Experiences of the neurodevelopmental assessment and diagnostic pathway for children and young people in Birmingham

This is a report by Healthwatch Birmingham. The project looks at neurodevelopmental pathways to assessment for children and young people in Birmingham.

This study focused on understanding the experiences of the Autistic Spectrum Disorder (ASD) and ADHD assessment and diagnostic pathways for children and young people in Birmingham, the barriers and challenges they face, the support they receive whilst waiting and what can be improved. The report provides service leads with findings to take forward to improve the diagnostic and support pathway as well as the support provided while people wait.

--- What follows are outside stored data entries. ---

(* Let $S$ be a pogroup. In the full subcategory of $\mathbf{Pos}\text{-}S$ consisting of $S$-posets with trivial action, the pair $(Emb, Top)$ is a weak factorization system; in particular every $S$-poset map $f:X\to B$ between $S$-posets with trivial action factors as $f=g\circ m$ with $m:X\to Y$ an order-embedding, $g:Y\to B$ a topological monotone map, and $Y$ an $S$-poset with trivial action.
   Context: A pogroup is a group with a compatible partial order. $\mathbf{Pos}\text{-}S$: right $S$-posets and action-preserving monotone maps; trivial action means $as=a$ for all $a,s$. $Emb$ is the class of order-embeddings ($f(a)\le f(a')\iff a\le a'$); $Top$ is the class of monotone maps that are topological functors (posets as categories; a functor $G$ is topological if every $G$-structured source has a unique $G$-initial lift). A weak factorization system is a pair $(\mathcal L,\mathcal R)$ of morphism classes such that every morphism factors as an $\mathcal L$-morphism followed by an $\mathcal R$-morphism, $\mathcal R=\mathcal L^{\Box}$ and $\mathcal L={}^{\Box}\mathcal R$, where $\mathcal H^{\Box}$ and ${}^{\Box}\mathcal H$ denote the morphisms having the right, respectively left, lifting property (existence of diagonal fillers in commutative squares) against all members of $\mathcal H$. *)

theory Defs
  imports "HOL-Algebra.Group"
begin

definition is_poset :: "'a set \<Rightarrow> ('a \<Rightarrow> 'a \<Rightarrow> bool) \<Rightarrow> bool" where
  "is_poset X r \<longleftrightarrow>
     (\<forall>x\<in>X. r x x) \<and>
     (\<forall>x\<in>X. \<forall>y\<in>X. r x y \<and> r y x \<longrightarrow> x = y) \<and>
     (\<forall>x\<in>X. \<forall>y\<in>X. \<forall>z\<in>X. r x y \<and> r y z \<longrightarrow> r x z)"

A questionnaire was co-produced with parents of children going through the ASD and ADHD assessment and diagnostic pathway. The questionnaire was shared through social media, and various stakeholders including Birmingham Community Healthcare NHS Foundation Trust (BCHC), community groups and the Birmingham Parent Carer Forum. One hundred and fifty-two people responded to our questionnaire. We excluded the experiences of those aged 20 – 25 years old as they fall between children and adult services, therefore responses from 137 people were used to write this report. We further explored issues with three of the people through semi-structured interviews. 

Key findings include:

• Acknowledgement that there has been ongoing work in the local area to improve this aspect of care.
• Length of wait for the referral and professional support.
• Professionals not submitting documents on time and referrals being missed, further delaying the assessment and diagnostic process.
• Restrictive criteria and thresholds. 
• Professionals knowledge of the referral pathway – how, when and who to refer to.
• Focusing on parenting style and child’s behaviour rather than the child’s symptoms.
• Poor communication and partnership working with families.

There are recommendations in this report:

• Improved access to information to help parents and carers support their children.

• All individuals are signposted to available support.

• Ensure continuous contact with a key named professional.

• Work in partnership with parents and carers, with increased involvement and communication.

• Reduce the reliance on diagnosis and develop support making it available to families without a diagnosis. 

There are follow up actions in this report. They include monitoring what happens following publication. The provider has responded to the report.